There is key information missing from this spell description which will leave players flipping through their rulebooks: What are the effects of being “entangled”? How do you make a Strength check or an Escape Artist check? One could add this information to the description, of course:

Grasses, weeds, bushes, and even trees wrap, twist, and entwine about creatures in the area or those that enter the area, holding them fast and causing them to become entangled (they move at half speed, cannot run or charge, suffer a -2 penalty on attack rolls, a -4 penalty on Dexterity checks, and casting a spell requires a Concentration check). The creature can break free and move half its normal speed by using a full-round action to make a Strength check (1d20 + Strength modifier vs. DC 20) or an Escape Artist check (1d20 + Escape Artist modifer vs. DC 20). A creature that succeeds on a Reflex save is not entangled but can still move at only half speed through the area. Each round on your turn, the plants once again attempt to entangle all creatures that have avoided or escaped entanglement.

But this only makes the spell description even more difficult to parse and adjudicate.

Using the SRS system, on the other hand, we can simplify the presentation of this spell so that it looks something like this:

Grasses, weeds, bushes, and even trees wrap, twist, and entwine about creatures in the area or those that enter the area. The area is treated as difficult terrain and creatures that fail their Reflex saves are stuck and entangled. A creature can break free by making a Strength check (DC 20) or Escape Artist check (DC 20) as a full action. Each round on your turn, the plants once again attempt to entangle all creatures that have avoided or escaped entanglement.

In the sidebar, the red-highlighted keywords are given references like this:

difficult terrain, page 52: Movement through difficult terrain is made at half speed.

stuck, page 58: Cannot move away from the object or location.

entangled, page 56: Move at half speed, cannot run or charge, -2 on attacks, -4 to Dex, casting spells requires Concentration check (DC 15 + spell’s level).

Strength check, page 65: 1d20 + Strength modifier vs.
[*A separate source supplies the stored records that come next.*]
theorem proposition1:
  fixes ap am :: real
    and x :: "'k \<Rightarrow> real^'d" and y :: "'k \<Rightarrow> 'j \<Rightarrow> real"
    and K :: "'k set" and J :: "'j set" and I :: "'i set"
    and w :: "'i \<Rightarrow> real^'d" and h :: "'j \<Rightarrow> 'i \<Rightarrow> real"
    and i0 :: 'i and L :: "'l set" and \<beta> \<gamma> :: "'l \<Rightarrow> real"
  assumes "CARD('d) > 1" and "finite I" and "finite J" and "finite K" and "ap \<noteq> am"
    and "finite L" and "\<forall>l\<in>L. \<beta> l > 0" and "(\<Sum>l\<in>L. \<beta> l * \<gamma> l) = 1"
    and "i0 \<in> I"
    and "stationary ap am x y K J I w h"
  shows "(stationary ap am x y K J (repH I i0 L) (repw w i0 \<beta>) (reph h i0 \<gamma>) \<longleftrightarrow>
            ((\<forall>v. tangential (w i0) v \<longrightarrow> tderiv ap am x y K J I w h i0 v = 0)
             \<or> (\<forall>l\<in>L. \<gamma> l \<ge> 0)))
       \<and> (type1_min ap am x y K J I w h \<longrightarrow>
           (type1_min ap am x y K J (repH I i0 L) (repw w i0 \<beta>) (reph h i0 \<gamma>) \<longleftrightarrow>
            ((\<forall>v. tangential (w i0) v \<longrightarrow> tderiv ap am x y K J I w h i0 v = 0)
             \<or> (\<forall>l\<in>L. \<gamma> l > 0))))"
proof -
  note replication = assms(2,6,9,7,8)
  let ?F = "loss_dir_w ap am x y K J I w h i0"
  have tangential_iff: "(\<forall>v. tangential (w i0) v \<longrightarrow> tderiv ap am x y K J I w h i0 v = 0) \<longleftrightarrow> (\<forall>u. ?F u = 0)"
    by (rule tderiv_vanishes_iff[OF assms(2,4,3,10,9)])
  have stationary_iff: "stationary ap am x y K J (repH I i0 L) (repw w i0 \<beta>) (reph h i0 \<gamma>) \<longleftrightarrow>
      (\<forall>u. ?F u = 0) \<or> (\<forall>l\<in>L. 0 \<le> \<gamma> l)"
    by (rule stationary_replicate_iff[OF replication assms(4,3,10)])
  have "type1_min ap am x y K J (repH I i0 L) (repw w i0 \<beta>) (reph h i0 \<gamma>) \<longleftrightarrow>
      (\<forall>u. ?F u = 0) \<or> (\<forall>l\<in>L. 0 < \<gamma> l)" if "type1_min ap am x y K J I w h"
  proof -
    have "\<forall>i\<in>I. \<not> escape ap am x y K J I w h i"
      using that unfolding type1_min_def by blast
    then have "(\<forall>i\<in>repH I i0 L. \<not> escape ap am x y K J (repH I i0 L) (repw w i0 \<beta>) (reph h i0 \<gamma>) i)
        \<longleftrightarrow> (\<forall>u. ?F u = 0) \<or> (\<forall>l\<in>L. \<gamma> l \<noteq> 0)"
      by (rule no_escape_replicate_iff[OF replication assms(4,3,10)])
    moreover have "(\<forall>l\<in>L. 0 < \<gamma> l) \<longleftrightarrow> (\<forall>l\<in>L. 0 \<le> \<gamma> l) \<and> (\<forall>l\<in>L. \<gamma> l \<noteq> 0)"
      by force
    ultimately show ?thesis
      using stationary_iff type1_min_iff_no_escape[OF finite_repH[OF assms(2,6)] assms(4,3)] by blast
  qed
  then show ?thesis
    using tangential_iff stationary_iff by blast
qed

end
DC

Escape Artist check, page 43: 1d20 + Escape Artist modifier vs. DC

The SRS puts all the information you need right at you fingertips. And, if you need more details, it gives you a page reference so that you can quickly find the full citation. Some of this information you may already be familiar with as a player, but it’s great for beginning players. (And I can’t be the only guy who, even after years of playing a game, will still need to double-check a reference.)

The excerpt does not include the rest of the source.